### [Task description]
Find "(\<chi> i. frob" and "real^'n^'n \<Rightarrow> (real^'n^'n)" in the records below. Copy the lines holding them and every line between, exactly, and no others.

### [Input]
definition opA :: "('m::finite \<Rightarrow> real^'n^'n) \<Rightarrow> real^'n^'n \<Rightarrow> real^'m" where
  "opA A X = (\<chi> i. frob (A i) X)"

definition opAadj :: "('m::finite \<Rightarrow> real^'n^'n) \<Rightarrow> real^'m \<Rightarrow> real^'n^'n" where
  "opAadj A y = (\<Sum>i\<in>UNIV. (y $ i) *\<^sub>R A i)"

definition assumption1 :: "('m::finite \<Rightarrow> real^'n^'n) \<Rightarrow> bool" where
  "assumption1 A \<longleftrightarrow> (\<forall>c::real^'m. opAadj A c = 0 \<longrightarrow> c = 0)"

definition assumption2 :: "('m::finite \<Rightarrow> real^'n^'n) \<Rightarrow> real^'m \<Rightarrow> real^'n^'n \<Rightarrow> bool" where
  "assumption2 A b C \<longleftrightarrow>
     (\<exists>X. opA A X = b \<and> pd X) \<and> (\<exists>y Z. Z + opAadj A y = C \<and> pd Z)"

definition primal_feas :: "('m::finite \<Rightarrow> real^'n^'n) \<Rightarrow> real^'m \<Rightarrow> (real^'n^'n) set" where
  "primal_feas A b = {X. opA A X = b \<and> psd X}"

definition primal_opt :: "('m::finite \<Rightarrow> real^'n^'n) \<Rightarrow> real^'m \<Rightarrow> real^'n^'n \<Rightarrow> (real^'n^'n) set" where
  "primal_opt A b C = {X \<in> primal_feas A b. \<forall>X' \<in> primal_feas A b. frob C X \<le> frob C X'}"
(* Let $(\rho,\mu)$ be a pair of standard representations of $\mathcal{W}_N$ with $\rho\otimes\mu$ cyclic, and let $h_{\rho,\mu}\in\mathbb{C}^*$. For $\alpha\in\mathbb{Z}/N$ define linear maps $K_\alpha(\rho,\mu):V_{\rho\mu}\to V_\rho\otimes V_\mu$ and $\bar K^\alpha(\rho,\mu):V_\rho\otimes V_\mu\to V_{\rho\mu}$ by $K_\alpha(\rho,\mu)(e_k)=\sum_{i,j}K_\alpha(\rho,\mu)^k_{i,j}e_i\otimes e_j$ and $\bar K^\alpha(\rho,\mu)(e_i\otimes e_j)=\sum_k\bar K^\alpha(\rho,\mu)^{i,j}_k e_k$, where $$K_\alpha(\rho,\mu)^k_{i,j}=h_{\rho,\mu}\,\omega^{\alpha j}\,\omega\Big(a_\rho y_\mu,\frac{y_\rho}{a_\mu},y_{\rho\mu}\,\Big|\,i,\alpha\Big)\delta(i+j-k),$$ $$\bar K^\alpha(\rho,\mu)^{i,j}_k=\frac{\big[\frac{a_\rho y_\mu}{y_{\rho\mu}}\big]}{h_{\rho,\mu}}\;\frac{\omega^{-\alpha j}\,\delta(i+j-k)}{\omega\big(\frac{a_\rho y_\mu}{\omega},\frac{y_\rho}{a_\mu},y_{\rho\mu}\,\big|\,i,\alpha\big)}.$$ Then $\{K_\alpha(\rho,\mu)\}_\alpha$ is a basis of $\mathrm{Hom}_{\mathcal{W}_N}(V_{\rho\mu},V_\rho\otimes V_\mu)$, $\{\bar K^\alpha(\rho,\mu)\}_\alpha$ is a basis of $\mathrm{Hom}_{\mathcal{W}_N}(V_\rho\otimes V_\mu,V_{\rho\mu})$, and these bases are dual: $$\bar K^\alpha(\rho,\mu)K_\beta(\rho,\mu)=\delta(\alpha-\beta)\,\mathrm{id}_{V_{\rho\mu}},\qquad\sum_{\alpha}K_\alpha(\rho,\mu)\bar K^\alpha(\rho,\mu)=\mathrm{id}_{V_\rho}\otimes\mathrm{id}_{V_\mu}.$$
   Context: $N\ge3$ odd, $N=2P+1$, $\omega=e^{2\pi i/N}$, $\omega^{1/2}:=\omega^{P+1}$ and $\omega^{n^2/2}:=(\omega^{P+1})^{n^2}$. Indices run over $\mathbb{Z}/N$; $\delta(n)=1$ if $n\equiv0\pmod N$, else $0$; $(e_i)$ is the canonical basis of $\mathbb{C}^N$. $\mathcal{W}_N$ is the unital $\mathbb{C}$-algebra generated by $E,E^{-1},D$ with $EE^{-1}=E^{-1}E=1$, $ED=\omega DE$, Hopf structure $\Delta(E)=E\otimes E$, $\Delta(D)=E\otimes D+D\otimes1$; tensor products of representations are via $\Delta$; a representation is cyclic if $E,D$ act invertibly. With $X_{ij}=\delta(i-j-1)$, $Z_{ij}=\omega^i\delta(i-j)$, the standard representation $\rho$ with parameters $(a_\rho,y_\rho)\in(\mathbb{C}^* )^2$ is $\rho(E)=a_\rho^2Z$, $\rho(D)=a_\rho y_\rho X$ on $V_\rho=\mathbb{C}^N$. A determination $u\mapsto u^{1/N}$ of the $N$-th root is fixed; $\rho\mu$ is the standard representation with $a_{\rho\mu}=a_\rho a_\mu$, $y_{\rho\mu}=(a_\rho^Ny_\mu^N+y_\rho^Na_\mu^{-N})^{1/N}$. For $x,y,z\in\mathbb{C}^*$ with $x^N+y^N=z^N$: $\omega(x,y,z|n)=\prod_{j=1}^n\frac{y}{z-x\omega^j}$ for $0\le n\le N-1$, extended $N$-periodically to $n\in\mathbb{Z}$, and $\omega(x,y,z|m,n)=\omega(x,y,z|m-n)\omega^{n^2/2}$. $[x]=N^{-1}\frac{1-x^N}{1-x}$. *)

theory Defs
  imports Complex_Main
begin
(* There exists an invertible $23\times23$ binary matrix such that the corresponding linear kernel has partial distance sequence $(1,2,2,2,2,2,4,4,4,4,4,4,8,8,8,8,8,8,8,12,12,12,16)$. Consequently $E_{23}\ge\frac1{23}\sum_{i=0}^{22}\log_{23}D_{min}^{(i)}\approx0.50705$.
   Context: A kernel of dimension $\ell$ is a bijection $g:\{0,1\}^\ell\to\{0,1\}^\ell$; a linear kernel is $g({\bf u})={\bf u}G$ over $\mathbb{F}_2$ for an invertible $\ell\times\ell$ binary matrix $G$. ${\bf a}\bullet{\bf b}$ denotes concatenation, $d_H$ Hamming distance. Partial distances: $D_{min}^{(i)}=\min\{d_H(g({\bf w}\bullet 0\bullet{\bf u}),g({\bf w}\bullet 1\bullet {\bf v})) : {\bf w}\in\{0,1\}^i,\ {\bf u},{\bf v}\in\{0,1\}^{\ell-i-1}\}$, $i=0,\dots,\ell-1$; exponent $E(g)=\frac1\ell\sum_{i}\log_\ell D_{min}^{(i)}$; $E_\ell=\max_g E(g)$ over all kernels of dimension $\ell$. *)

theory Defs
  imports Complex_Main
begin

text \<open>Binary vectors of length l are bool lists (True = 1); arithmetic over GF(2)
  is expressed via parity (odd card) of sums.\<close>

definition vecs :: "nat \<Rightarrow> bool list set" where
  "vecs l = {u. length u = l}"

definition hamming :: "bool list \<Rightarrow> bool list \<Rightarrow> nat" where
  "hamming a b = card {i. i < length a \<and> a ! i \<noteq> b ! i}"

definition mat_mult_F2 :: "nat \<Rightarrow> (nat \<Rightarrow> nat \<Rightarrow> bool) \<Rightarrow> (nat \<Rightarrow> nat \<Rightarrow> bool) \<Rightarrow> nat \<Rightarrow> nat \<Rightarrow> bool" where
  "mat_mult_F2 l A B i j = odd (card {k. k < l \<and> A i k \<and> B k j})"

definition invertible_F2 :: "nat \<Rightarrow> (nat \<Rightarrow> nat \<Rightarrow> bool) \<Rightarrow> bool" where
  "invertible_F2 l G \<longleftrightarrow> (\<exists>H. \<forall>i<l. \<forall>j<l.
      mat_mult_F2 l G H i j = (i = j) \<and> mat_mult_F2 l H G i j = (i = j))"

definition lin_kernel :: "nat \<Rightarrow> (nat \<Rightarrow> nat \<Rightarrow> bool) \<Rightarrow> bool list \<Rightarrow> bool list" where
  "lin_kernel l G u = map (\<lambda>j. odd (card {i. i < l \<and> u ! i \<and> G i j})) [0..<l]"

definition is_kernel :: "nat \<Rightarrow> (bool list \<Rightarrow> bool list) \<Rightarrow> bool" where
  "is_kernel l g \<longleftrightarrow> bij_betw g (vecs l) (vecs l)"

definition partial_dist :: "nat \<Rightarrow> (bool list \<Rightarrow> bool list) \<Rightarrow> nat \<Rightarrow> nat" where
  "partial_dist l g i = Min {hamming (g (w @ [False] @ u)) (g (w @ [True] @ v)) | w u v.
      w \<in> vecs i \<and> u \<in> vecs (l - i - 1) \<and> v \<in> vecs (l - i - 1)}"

### [Task output]
  "opA A X = (\<chi> i. frob (A i) X)"

definition opAadj :: "('m::finite \<Rightarrow> real^'n^'n) \<Rightarrow> real^'m \<Rightarrow> real^'n^'n" where
  "opAadj A y = (\<Sum>i\<in>UNIV. (y $ i) *\<^sub>R A i)"

definition assumption1 :: "('m::finite \<Rightarrow> real^'n^'n) \<Rightarrow> bool" where
  "assumption1 A \<longleftrightarrow> (\<forall>c::real^'m. opAadj A c = 0 \<longrightarrow> c = 0)"

definition assumption2 :: "('m::finite \<Rightarrow> real^'n^'n) \<Rightarrow> real^'m \<Rightarrow> real^'n^'n \<Rightarrow> bool" where
  "assumption2 A b C \<longleftrightarrow>
     (\<exists>X. opA A X = b \<and> pd X) \<and> (\<exists>y Z. Z + opAadj A y = C \<and> pd Z)"

definition primal_feas :: "('m::finite \<Rightarrow> real^'n^'n) \<Rightarrow> real^'m \<Rightarrow> (real^'n^'n) set" where
  "primal_feas A b = {X. opA A X = b \<and> psd X}"

definition primal_opt :: "('m::finite \<Rightarrow> real^'n^'n) \<Rightarrow> real^'m \<Rightarrow> real^'n^'n \<Rightarrow> (real^'n^'n) set" where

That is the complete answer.